(* Let $\mathcal{M}$ be an episodic MDP with rewards in $[0,1]$ and deterministic expert $\pi^{\operatorname{E}}$. Let $\widehat P$ be a (random) transition model, $\widetilde d=(\widetilde d_h)_{h\le H}$ with $\widetilde d_h:\mathcal{S}\times\mathcal{A}\to\mathbb{R}$ a (random) estimator, and $\bar\pi$ a policy. Suppose: (a) with probability at least $1-\delta_{\operatorname{RFE}}$, for every reward function $w=(w_h)$ with $w_h:\mathcal{S}\times\mathcal{A}\to[-1,1]$ and every policy $\pi$, $|V^{\pi,P,w}-V^{\pi,\widehat P,w}|\le\varepsilon_{\operatorname{RFE}}$; (b) with probability at least $1-\delta_{\operatorname{EST}}$, $\sum_{h=1}^H\|\widetilde d_h-d_h^{\pi^{\operatorname{E}}}\|_1\le\varepsilon_{\operatorname{EST}}$; (c) $\sum_{h=1}^H\|\widetilde d_h-d_h^{\bar\pi,\widehat P}\|_1\le\min_{\pi\in\Pi}\sum_{h=1}^H\|\widetilde d_h-d_h^{\pi,\widehat P}\|_1+\varepsilon_{\mathrm{opt}}$. Then with probability at least $1-\delta_{\operatorname{EST}}-\delta_{\operatorname{RFE}}$, $V^{\pi^{\operatorname{E}}}-V^{\bar\pi}\le2\varepsilon_{\operatorname{EST}}+2\varepsilon_{\operatorname{RFE}}+\varepsilon_{\mathrm{opt}}$.
   Context: Episodic MDP $(\mathcal{S},\mathcal{A},P,r,H,\rho)$, $\mathcal{S},\mathcal{A}$ finite, $r_h:\mathcal{S}\times\mathcal{A}\to[0,1]$, transitions $P_h(\cdot|s,a)$, initial distribution $\rho$. Policies $\pi=(\pi_h)$, $\pi_h:\mathcal{S}\to\Delta(\mathcal{A})$; $\Pi$ all policies. For a transition model $Q=(Q_h)$, $d_h^{\pi,Q}(s,a)$ is the probability of $(s_h,a_h)=(s,a)$ when running $\pi$ from $s_1\sim\rho$ with $s_{h+1}\sim Q_h(\cdot|s_h,a_h)$; $d_h^\pi=d_h^{\pi,P}$. $V^{\pi,Q,w}=\sum_h\sum_{(s,a)}d_h^{\pi,Q}(s,a)w_h(s,a)$ and $V^\pi=V^{\pi,P,r}$. $\|\cdot\|_1$ is the $\ell_1$ norm over $\mathcal{S}\times\mathcal{A}$. *)

theory Defs
  imports "HOL-Probability.Probability"
begin

text \<open>Steps are indexed h = 1..H. A transition model is Q :: nat => 's => 'a => 's pmf
  (Q h s a = Q_h(.|s,a)); a (Markov, possibly stochastic) policy is
  pol :: nat => 's => 'a pmf; the initial distribution is rho :: 's pmf.
  The set Pi of all policies is the whole type nat => 's => 'a pmf.\<close>

fun occ :: "'s::finite pmf \<Rightarrow> (nat \<Rightarrow> 's \<Rightarrow> 'a::finite \<Rightarrow> 's pmf)
            \<Rightarrow> (nat \<Rightarrow> 's \<Rightarrow> 'a pmf) \<Rightarrow> nat \<Rightarrow> 's \<Rightarrow> 'a \<Rightarrow> real" where
  "occ rho Q pol 0 s a = 0"
| "occ rho Q pol (Suc 0) s a = pmf rho s * pmf (pol 1 s) a"
| "occ rho Q pol (Suc (Suc h)) s a =
     (\<Sum>s'\<in>UNIV. \<Sum>a'\<in>UNIV. occ rho Q pol (Suc h) s' a' * pmf (Q (Suc h) s' a') s)
       * pmf (pol (Suc (Suc h)) s) a"

text \<open>occ rho Q pol h s a = d_h^{pol,Q}(s,a): probability that (s_h,a_h) = (s,a).\<close>

definition value_fn :: "'s::finite pmf \<Rightarrow> nat \<Rightarrow> (nat \<Rightarrow> 's \<Rightarrow> 'a::finite \<Rightarrow> 's pmf)
     \<Rightarrow> (nat \<Rightarrow> 's \<Rightarrow> 'a pmf) \<Rightarrow> (nat \<Rightarrow> 's \<Rightarrow> 'a \<Rightarrow> real) \<Rightarrow> real" where
  "value_fn rho H Q pol w = (\<Sum>h=1..H. \<Sum>s\<in>UNIV. \<Sum>a\<in>UNIV. occ rho Q pol h s a * w h s a)"

definition l1dist :: "('s::finite \<Rightarrow> 'a::finite \<Rightarrow> real) \<Rightarrow> ('s \<Rightarrow> 'a \<Rightarrow> real) \<Rightarrow> real" where
  "l1dist x y = (\<Sum>s\<in>UNIV. \<Sum>a\<in>UNIV. \<bar>x s a - y s a\<bar>)"

definition deterministic_policy :: "(nat \<Rightarrow> 's \<Rightarrow> 'a pmf) \<Rightarrow> bool" where
  "deterministic_policy pol \<longleftrightarrow> (\<exists>f. \<forall>h s. pol h s = return_pmf (f h s))"

end

theory Submission
  imports Defs
begin

(* Write V(piE) - V(pibar) = (V(piE, P) - V(pibar, Phat)) + (V(pibar, Phat) - V(pibar, P)).
   The second term is a model error, at most eps_RFE. As |r| <= 1, the first term is at most
   the l1 distance between the occupancy measures of piE under P and pibar under Phat.
   Going through the estimate dt, near-optimality of pibar reduces this to eps_opt plus
   twice the estimation error plus the l1 distance between the occupancy measures of piE
   under P and under Phat. That last distance is itself a value difference, for the reward
   sgn (d(piE, P) - d(piE, Phat)), so it is again at most eps_RFE. The union bound gives the
   probability of both good events. *)

definition l1dist_sum :: "nat \<Rightarrow> (nat \<Rightarrow> 's::finite \<Rightarrow> 'a::finite \<Rightarrow> real)
    \<Rightarrow> (nat \<Rightarrow> 's \<Rightarrow> 'a \<Rightarrow> real) \<Rightarrow> real" where
  "l1dist_sum H x y = (\<Sum>h=1..H. l1dist (x h) (y h))"

lemma l1dist_triangle: "l1dist x z \<le> l1dist x y + l1dist y z"
  unfolding l1dist_def by (simp only: sum.distrib[symmetric]) (intro sum_mono, simp)

lemma l1dist_commute: "l1dist x y = l1dist y x"
  unfolding l1dist_def by (simp add: abs_minus_commute)

lemma l1dist_nonneg: "0 \<le> l1dist x y"
  unfolding l1dist_def by (intro sum_nonneg) auto

lemma l1dist_sum_triangle: "l1dist_sum H x z \<le> l1dist_sum H x y + l1dist_sum H y z"
  unfolding l1dist_sum_def by (simp only: sum.distrib[symmetric]) (intro sum_mono l1dist_triangle)

lemma l1dist_sum_commute: "l1dist_sum H x y = l1dist_sum H y x"
  unfolding l1dist_sum_def by (simp add: l1dist_commute)

lemma l1dist_sum_nonneg: "0 \<le> l1dist_sum H x y"
  unfolding l1dist_sum_def by (intro sum_nonneg l1dist_nonneg)

lemma value_fn_diff:
  "value_fn rho H Q pol w - value_fn rho H Q' pol' w =
   (\<Sum>h=1..H. \<Sum>s\<in>UNIV. \<Sum>a\<in>UNIV. (occ rho Q pol h s a - occ rho Q' pol' h s a) * w h s a)"
  unfolding value_fn_def by (simp add: sum_subtractf left_diff_distrib)

lemma value_fn_diff_le_l1dist_sum:
  assumes "\<And>h s a. \<bar>w h s a\<bar> \<le> 1"
  shows "value_fn rho H Q pol w - value_fn rho H Q' pol' w
           \<le> l1dist_sum H (occ rho Q pol) (occ rho Q' pol')"
  unfolding value_fn_diff l1dist_sum_def l1dist_def
proof (intro sum_mono)
  fix h s a
  let ?\<Delta> = "occ rho Q pol h s a - occ rho Q' pol' h s a"
  have "?\<Delta> * w h s a \<le> \<bar>?\<Delta>\<bar> * \<bar>w h s a\<bar>"
    by (metis abs_ge_self abs_mult)
  also have "\<dots> \<le> \<bar>?\<Delta>\<bar>"
    using assms[of h s a] by (simp add: mult_left_le)
  finally show "?\<Delta> * w h s a \<le> \<bar>?\<Delta>\<bar>" .
qed

lemma l1dist_sum_eq_value_fn_diff_sgn:
  "l1dist_sum H (occ rho Q pol) (occ rho Q' pol') =
   value_fn rho H Q pol (\<lambda>h s a. sgn (occ rho Q pol h s a - occ rho Q' pol' h s a))
   - value_fn rho H Q' pol' (\<lambda>h s a. sgn (occ rho Q pol h s a - occ rho Q' pol' h s a))"
  unfolding value_fn_diff l1dist_sum_def l1dist_def by (simp add: abs_sgn)

lemma l1dist_sum_occ_le_if_values_close:
  assumes "\<And>w. (\<And>h s a. \<bar>w h s a\<bar> \<le> 1) \<Longrightarrow>
             \<bar>value_fn rho H Q pol w - value_fn rho H Q' pol w\<bar> \<le> \<epsilon>"
  shows "l1dist_sum H (occ rho Q pol) (occ rho Q' pol) \<le> \<epsilon>"
  unfolding l1dist_sum_eq_value_fn_diff_sgn
  by (rule order_trans[OF abs_ge_self assms]) (simp add: abs_sgn_eq)

lemma value_gap_le_estimation_model_optimization_errors:
  fixes P Q :: "nat \<Rightarrow> 's::finite \<Rightarrow> 'a::finite \<Rightarrow> 's pmf"
  assumes r_bounded: "\<And>h s a. \<bar>r h s a\<bar> \<le> 1"
    and model: "\<And>w pol. (\<And>h s a. \<bar>w h s a\<bar> \<le> 1) \<Longrightarrow>
             \<bar>value_fn rho H P pol w - value_fn rho H Q pol w\<bar> \<le> eps_RFE"
    and est: "l1dist_sum H d (occ rho P piE) \<le> eps_EST"
    and opt: "l1dist_sum H d (occ rho Q pibar)
                \<le> (INF pol. l1dist_sum H d (occ rho Q pol)) + eps_opt"
  shows "value_fn rho H P piE r - value_fn rho H P pibar r
           \<le> 2 * eps_EST + 2 * eps_RFE + eps_opt"
proof -
  have "(INF pol. l1dist_sum H d (occ rho Q pol)) \<le> l1dist_sum H d (occ rho Q piE)"
    by (rule cINF_lower) (auto intro: bdd_belowI2 l1dist_sum_nonneg)
  with opt have opt_piE: "l1dist_sum H d (occ rho Q pibar) \<le> l1dist_sum H d (occ rho Q piE) + eps_opt"
    by linarith
  have model_piE: "l1dist_sum H (occ rho P piE) (occ rho Q piE) \<le> eps_RFE"
    using model by (rule l1dist_sum_occ_le_if_values_close)
  have model_pibar: "value_fn rho H Q pibar r - value_fn rho H P pibar r \<le> eps_RFE"
    using model[of r pibar, OF r_bounded] by linarith
  have "value_fn rho H P piE r - value_fn rho H Q pibar r
          \<le> l1dist_sum H (occ rho P piE) (occ rho Q pibar)"
    using r_bounded by (rule value_fn_diff_le_l1dist_sum)
  also have "\<dots> \<le> l1dist_sum H (occ rho P piE) d + l1dist_sum H d (occ rho Q pibar)"
    by (rule l1dist_sum_triangle)
  also have "\<dots> \<le> eps_EST + l1dist_sum H d (occ rho Q piE) + eps_opt"
    using est opt_piE by (simp add: l1dist_sum_commute)
  also have "\<dots> \<le> eps_EST + (l1dist_sum H d (occ rho P piE) + eps_RFE) + eps_opt"
    using l1dist_sum_triangle[of H d "occ rho Q piE" "occ rho P piE"] model_piE by linarith
  finally show ?thesis
    using est model_pibar by linarith
qed

lemma (in prob_space) prob_Int_ge:
  assumes "A \<in> events" "B \<in> events"
  shows "prob A + prob B - 1 \<le> prob (A \<inter> B)"
  using measure_Un3[of A M B] prob_le_1[of "A \<union> B"] assms
  by (simp add: fmeasurable_eq_sets)

theorem proposition1:
  fixes M :: "'w measure"
    and rho :: "'s::finite pmf"
    and P :: "nat \<Rightarrow> 's \<Rightarrow> 'a::finite \<Rightarrow> 's pmf"
    and r :: "nat \<Rightarrow> 's \<Rightarrow> 'a \<Rightarrow> real"
    and H :: nat
    and piE :: "nat \<Rightarrow> 's \<Rightarrow> 'a pmf"
    and Phat :: "'w \<Rightarrow> nat \<Rightarrow> 's \<Rightarrow> 'a \<Rightarrow> 's pmf"
    and dt :: "'w \<Rightarrow> nat \<Rightarrow> 's \<Rightarrow> 'a \<Rightarrow> real"
    and pibar :: "'w \<Rightarrow> nat \<Rightarrow> 's \<Rightarrow> 'a pmf"
    and eps_RFE eps_EST eps_opt delta_RFE delta_EST :: real
    and E_RFE E_EST :: "'w set"
  assumes "prob_space M"
    and r_range: "\<And>h s a. 0 \<le> r h s a \<and> r h s a \<le> 1"
    and expert_det: "deterministic_policy piE"
    and E_RFE_meas: "E_RFE \<in> sets M"
    and E_RFE_prob: "measure M E_RFE \<ge> 1 - delta_RFE"
    and RFE: "\<And>\<omega>. \<omega> \<in> E_RFE \<Longrightarrow>
        \<forall>w. (\<forall>h s a. \<bar>w h s a\<bar> \<le> 1) \<longrightarrow>
          (\<forall>pol. \<bar>value_fn rho H P pol w - value_fn rho H (Phat \<omega>) pol w\<bar> \<le> eps_RFE)"
    and E_EST_meas: "E_EST \<in> sets M"
    and E_EST_prob: "measure M E_EST \<ge> 1 - delta_EST"
    and EST: "\<And>\<omega>. \<omega> \<in> E_EST \<Longrightarrow>
        (\<Sum>h=1..H. l1dist (dt \<omega> h) (occ rho P piE h)) \<le> eps_EST"
    and OPT: "\<And>\<omega>. \<omega> \<in> space M \<Longrightarrow>
        (\<Sum>h=1..H. l1dist (dt \<omega> h) (occ rho (Phat \<omega>) (pibar \<omega>) h))
          \<le> (INF pol. (\<Sum>h=1..H. l1dist (dt \<omega> h) (occ rho (Phat \<omega>) pol h))) + eps_opt"
  shows "\<exists>B\<in>sets M. measure M B \<ge> 1 - delta_EST - delta_RFE \<and>
           (\<forall>\<omega>\<in>B. value_fn rho H P piE r - value_fn rho H P (pibar \<omega>) r
                    \<le> 2 * eps_EST + 2 * eps_RFE + eps_opt)"
proof (intro bexI conjI ballI)
  interpret prob_space M by fact
  show "E_RFE \<inter> E_EST \<in> sets M"
    using E_RFE_meas E_EST_meas by auto
  show "measure M (E_RFE \<inter> E_EST) \<ge> 1 - delta_EST - delta_RFE"
    using prob_Int_ge[OF E_RFE_meas E_EST_meas] E_RFE_prob E_EST_prob by linarith
next
  fix \<omega> assume \<omega>: "\<omega> \<in> E_RFE \<inter> E_EST"
  then have "\<omega> \<in> space M"
    using E_RFE_meas sets.sets_into_space by auto
  then show "value_fn rho H P piE r - value_fn rho H P (pibar \<omega>) r
               \<le> 2 * eps_EST + 2 * eps_RFE + eps_opt"
    using \<omega> RFE EST OPT r_range
    by (intro value_gap_le_estimation_model_optimization_errors[where d = "dt \<omega>" and Q = "Phat \<omega>"])
       (auto simp: l1dist_sum_def abs_le_iff)
qed

end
- - -
__Exercise details__. Show me each line of the listing above with "occupancy" in it.

__Reply__.
   the l1 distance between the occupancy measures of piE under P and pibar under Phat.
   twice the estimation error plus the l1 distance between the occupancy measures of piE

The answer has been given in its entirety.